Stored items:
'''
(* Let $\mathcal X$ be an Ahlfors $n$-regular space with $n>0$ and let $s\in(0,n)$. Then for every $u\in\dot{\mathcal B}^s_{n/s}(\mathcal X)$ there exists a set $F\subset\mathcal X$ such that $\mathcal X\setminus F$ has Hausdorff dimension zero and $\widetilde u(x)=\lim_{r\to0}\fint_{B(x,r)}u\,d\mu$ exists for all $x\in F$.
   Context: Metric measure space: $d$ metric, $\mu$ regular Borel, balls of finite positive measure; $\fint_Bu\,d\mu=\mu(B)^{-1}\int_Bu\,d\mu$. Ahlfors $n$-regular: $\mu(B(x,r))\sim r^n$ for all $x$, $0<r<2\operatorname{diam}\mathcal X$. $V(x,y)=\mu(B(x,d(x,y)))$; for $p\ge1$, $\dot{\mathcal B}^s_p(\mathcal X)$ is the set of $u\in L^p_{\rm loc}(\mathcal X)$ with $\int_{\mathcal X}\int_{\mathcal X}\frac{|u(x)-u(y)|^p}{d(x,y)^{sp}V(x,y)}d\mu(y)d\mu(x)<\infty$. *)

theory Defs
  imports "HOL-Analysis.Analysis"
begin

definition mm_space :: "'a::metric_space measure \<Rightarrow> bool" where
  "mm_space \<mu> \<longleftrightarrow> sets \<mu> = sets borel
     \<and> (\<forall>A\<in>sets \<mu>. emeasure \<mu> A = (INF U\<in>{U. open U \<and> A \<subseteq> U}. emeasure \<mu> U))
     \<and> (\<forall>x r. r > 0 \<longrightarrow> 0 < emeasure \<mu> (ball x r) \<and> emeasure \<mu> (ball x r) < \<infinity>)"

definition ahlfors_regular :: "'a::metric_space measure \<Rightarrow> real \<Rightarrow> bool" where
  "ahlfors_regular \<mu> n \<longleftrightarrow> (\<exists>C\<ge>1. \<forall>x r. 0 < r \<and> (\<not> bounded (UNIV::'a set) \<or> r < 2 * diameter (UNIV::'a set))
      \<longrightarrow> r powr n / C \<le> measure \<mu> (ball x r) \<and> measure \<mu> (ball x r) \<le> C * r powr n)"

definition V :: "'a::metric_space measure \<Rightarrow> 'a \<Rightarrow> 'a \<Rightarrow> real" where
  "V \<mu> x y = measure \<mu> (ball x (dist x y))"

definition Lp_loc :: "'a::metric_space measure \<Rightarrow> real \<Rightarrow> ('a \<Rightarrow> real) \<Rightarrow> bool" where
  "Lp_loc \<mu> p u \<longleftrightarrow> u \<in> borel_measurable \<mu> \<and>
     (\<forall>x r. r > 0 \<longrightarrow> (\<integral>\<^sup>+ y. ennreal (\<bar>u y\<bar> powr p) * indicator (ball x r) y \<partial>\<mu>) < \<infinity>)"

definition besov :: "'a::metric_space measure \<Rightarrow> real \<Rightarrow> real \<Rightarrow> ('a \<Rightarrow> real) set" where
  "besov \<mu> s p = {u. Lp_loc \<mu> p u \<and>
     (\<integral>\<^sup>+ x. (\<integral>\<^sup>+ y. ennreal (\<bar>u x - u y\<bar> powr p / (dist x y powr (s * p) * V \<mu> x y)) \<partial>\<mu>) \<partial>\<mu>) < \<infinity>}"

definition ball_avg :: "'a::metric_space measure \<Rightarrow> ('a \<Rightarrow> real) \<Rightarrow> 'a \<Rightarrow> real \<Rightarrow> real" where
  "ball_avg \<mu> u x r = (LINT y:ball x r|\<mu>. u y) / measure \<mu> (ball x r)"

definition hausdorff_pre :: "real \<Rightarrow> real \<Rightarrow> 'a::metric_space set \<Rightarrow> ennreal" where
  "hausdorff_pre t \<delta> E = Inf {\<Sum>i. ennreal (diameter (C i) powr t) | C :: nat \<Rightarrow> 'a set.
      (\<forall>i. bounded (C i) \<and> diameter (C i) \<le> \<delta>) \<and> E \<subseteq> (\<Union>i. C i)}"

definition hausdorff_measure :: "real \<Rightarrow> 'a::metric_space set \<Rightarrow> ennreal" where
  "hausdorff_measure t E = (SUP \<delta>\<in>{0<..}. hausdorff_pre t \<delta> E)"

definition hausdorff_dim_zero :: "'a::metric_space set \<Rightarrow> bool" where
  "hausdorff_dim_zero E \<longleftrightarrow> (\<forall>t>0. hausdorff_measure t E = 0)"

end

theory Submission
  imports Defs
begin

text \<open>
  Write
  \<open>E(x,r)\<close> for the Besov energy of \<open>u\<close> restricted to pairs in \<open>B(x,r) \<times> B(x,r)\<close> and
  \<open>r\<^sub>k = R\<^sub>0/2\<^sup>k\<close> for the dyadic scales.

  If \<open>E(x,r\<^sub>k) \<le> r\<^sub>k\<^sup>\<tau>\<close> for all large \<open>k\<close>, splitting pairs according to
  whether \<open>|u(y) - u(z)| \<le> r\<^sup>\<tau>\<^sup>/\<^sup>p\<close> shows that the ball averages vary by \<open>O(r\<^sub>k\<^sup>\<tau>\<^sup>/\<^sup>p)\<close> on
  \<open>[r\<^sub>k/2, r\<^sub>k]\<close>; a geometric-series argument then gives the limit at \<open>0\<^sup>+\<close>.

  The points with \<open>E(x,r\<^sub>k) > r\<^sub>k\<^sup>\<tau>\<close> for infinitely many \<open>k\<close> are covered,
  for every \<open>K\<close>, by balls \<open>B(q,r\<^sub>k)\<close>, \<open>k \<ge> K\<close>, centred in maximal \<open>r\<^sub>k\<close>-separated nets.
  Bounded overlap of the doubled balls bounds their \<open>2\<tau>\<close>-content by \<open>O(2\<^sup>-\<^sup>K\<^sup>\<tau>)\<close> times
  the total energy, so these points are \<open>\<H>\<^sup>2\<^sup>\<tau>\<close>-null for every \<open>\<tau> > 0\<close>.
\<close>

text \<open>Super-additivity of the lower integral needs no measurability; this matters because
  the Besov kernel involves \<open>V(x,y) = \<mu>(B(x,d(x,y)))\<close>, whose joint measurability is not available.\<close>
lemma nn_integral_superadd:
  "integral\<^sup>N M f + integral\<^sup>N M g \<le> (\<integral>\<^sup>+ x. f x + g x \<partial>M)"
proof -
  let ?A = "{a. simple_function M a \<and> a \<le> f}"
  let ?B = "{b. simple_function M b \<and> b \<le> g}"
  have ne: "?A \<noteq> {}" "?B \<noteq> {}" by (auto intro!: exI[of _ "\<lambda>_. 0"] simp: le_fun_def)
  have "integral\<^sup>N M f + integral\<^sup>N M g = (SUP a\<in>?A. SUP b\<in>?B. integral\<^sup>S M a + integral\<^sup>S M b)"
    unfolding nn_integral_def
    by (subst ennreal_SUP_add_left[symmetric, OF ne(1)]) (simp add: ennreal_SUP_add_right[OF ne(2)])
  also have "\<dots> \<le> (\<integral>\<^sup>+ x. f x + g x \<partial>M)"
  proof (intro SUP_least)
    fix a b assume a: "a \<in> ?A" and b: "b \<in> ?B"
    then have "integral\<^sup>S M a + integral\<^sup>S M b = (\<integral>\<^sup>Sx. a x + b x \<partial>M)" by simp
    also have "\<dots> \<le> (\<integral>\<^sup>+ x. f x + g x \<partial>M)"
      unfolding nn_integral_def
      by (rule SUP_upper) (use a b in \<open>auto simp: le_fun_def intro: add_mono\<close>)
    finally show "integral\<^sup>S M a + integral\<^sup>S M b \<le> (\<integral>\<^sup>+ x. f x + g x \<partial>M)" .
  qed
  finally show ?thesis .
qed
'''
ACTIVITY: State how many lines of the entries include the string "intro", with nothing besides the number.

ANSWER BELOW: 3